There are instances where there are conflicting interests between the dying patients and those close to them in regard to property and responsibility. In such cases the autonomy of the patients is disregarded with the state intervention. However, there is need for the application of the law to offer protection for both parties. In application of the law, there is a need for the consideration of morality. According to Harris (2005), there is bias in the natural law in that it is pegged on one angle thought which is dictated by a given supreme law and being such as God’s commands thus do not accommodate logical reasoning. However, the decision of a dying individual is based on his perception on the future, the present or the past and how that relates to his condition.
The argument, in this case, becomes complicated as there is contention between the set-out rules and the logical reasoning. The natural law dictates what individuals are expected to do at whatever condition. For instance, people are not allowed to kill. On the same note the logical reasoning may require that there is mutual understanding between the dying person and the physicians regarding euthanasia which will require no application of the natural law between the two. But as the author puts it, there is the need for the implementation of both the law and morality in going about these issues.
Human beings have the right to live, and this principle should form the utmost consideration by any health official dealing with a patient in his dying moments. Since modern societies are contemplating legalizing euthanasia, they should be guided by the respect for the right to life of an individual. Again, in whatever way people may view the issue of euthanasia the fact remains that it is unethical and should not be considered (Keown, 2018).
Conclusion
In summary, the life of an individual is essential not only to oneself or society, but to the conscience of all individuals. Any legal, ethical or professional argument geared towards ending an individual’s life should be disregarded at whatever cost.
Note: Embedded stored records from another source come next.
theorem proposition2p1:
  fixes \<Gamma> :: "('g, 'c) monoid_scheme" and G :: "('a, 'b) monoid_scheme" and T :: "'a topology"
  assumes "comm_group \<Gamma>" and "countable (carrier \<Gamma>)" and "bounded_group \<Gamma>"
    and "\<not> property_star \<Gamma>"
    and "topological_group G T" and "Hausdorff_space T"
    and "f \<in> hom \<Gamma> G" and "inj_on f (carrier \<Gamma>)"
    and "T closure_of (f ` carrier \<Gamma>) = topspace T"
  shows "\<exists>H. subgroup H G \<and> openin T H \<and> H \<noteq> carrier G \<and> finite (rcosets\<^bsub>G\<^esub> H)"
proof -
  \<comment> \<open>Countability is only needed for Pruefer's theorem; here the failure of \<open>(*)\<close> already
    provides a decomposition.\<close>
  interpret \<Gamma>: comm_group \<Gamma> by fact
  interpret G: group G
    using assms(5) unfolding topological_group_def by auto
  interpret f: group_hom \<Gamma> G f
    using assms(7) by unfold_locales
  obtain e :: nat and b where b: "b \<in> carrier \<Gamma>" "b [^]\<^bsub>\<Gamma>\<^esub> e \<noteq> \<one>\<^bsub>\<Gamma>\<^esub>"
    and fin: "finite ((\<lambda>x. x [^]\<^bsub>\<Gamma>\<^esub> e) ` carrier \<Gamma>)"
    using \<Gamma>.exponent_with_finite_pow_image[OF assms(3,4)] by blast
  have D: "f ` carrier \<Gamma> \<subseteq> carrier G"
    by auto
  have "f x \<otimes>\<^bsub>G\<^esub> f y = f y \<otimes>\<^bsub>G\<^esub> f x" if "x \<in> carrier \<Gamma>" "y \<in> carrier \<Gamma>" for x y
    using that \<Gamma>.m_comm by (simp flip: f.hom_mult)
  then interpret G: comm_group G
    using comm_group_if_dense_commuting[OF assms(5,6,9) D] by blast
  define H where "H = {x \<in> carrier G. x [^]\<^bsub>G\<^esub> e = \<one>\<^bsub>G\<^esub>}"
  have H: "subgroup H G" "closedin T H"
    unfolding H_def using G.subgroup_pow_eq_one closedin_pow_eq_one[OF assms(5,6)] by auto
  have "H #>\<^bsub>G\<^esub> f x = H #>\<^bsub>G\<^esub> f y"
    if "x \<in> carrier \<Gamma>" "y \<in> carrier \<Gamma>" "x [^]\<^bsub>\<Gamma>\<^esub> e = y [^]\<^bsub>\<Gamma>\<^esub> e" for x y
    unfolding H_def using that by (intro G.rcos_pow_eq_one_eqI) (auto simp flip: f.hom_nat_pow)
  then have "finite ((\<lambda>x. H #>\<^bsub>G\<^esub> x) ` f ` carrier \<Gamma>)"
    unfolding image_image by (rule finite_image_if_factors[OF fin])
  then have "finite (rcosets\<^bsub>G\<^esub> H)"
    using rcosets_eq_image_if_dense[OF assms(5) H assms(9) D] by simp
  moreover from this have "openin T H"
    by (rule openin_closed_subgroup_finite_index[OF assms(5) H])
  moreover have "f b \<notin> H"
  proof
    assume "f b \<in> H"
    then have "f (b [^]\<^bsub>\<Gamma>\<^esub> e) = f \<one>\<^bsub>\<Gamma>\<^esub>"
      unfolding H_def using b(1) by (simp add: f.hom_nat_pow)
    then have "b [^]\<^bsub>\<Gamma>\<^esub> e = \<one>\<^bsub>\<Gamma>\<^esub>"
      by (rule inj_onD[OF assms(8)]) (simp_all add: b(1))
    with b(2) show False ..
  qed
  then have "H \<noteq> carrier G"
    using b(1) by auto
  ultimately show ?thesis
    using H(1) by blast
qed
It should be known that nobody including the victim of the dying patient has the right to take life. Death is like birth where people cannot choose to be born but find themselves on earth. Provided there are laws protecting people’s lives they should be considered as the only abiding norms which should be followed. It is prudent that the rules of the right to life should override the self-determination and autonomy of the patients.
References
Gail Van Norman, M. D. The Ethics of Ending Life: Euthanasia and Assisted Suicide, Part. CSA Bulletin , 66.
Harriss, I. (2005, September). Ethics and euthanasia: natural law philosophy and latent utilitarianism. In 12th Annual Conference of the Australian Association for Professional and Applied Ethics, Adelaide (pp. 28-30).
Keown, J. (2018). Euthanasia, ethics and public policy: an argument against legalisation . Cambridge University Press.
Math, S. B., & Chaturvedi, S. K. (2012). Euthanasia: right to life vs right to die. The Indian journal of medical research , 136 (6), 899.
Nunes, R., & Rego, G. (2016). Clinical Research & Bioethics. Routledge.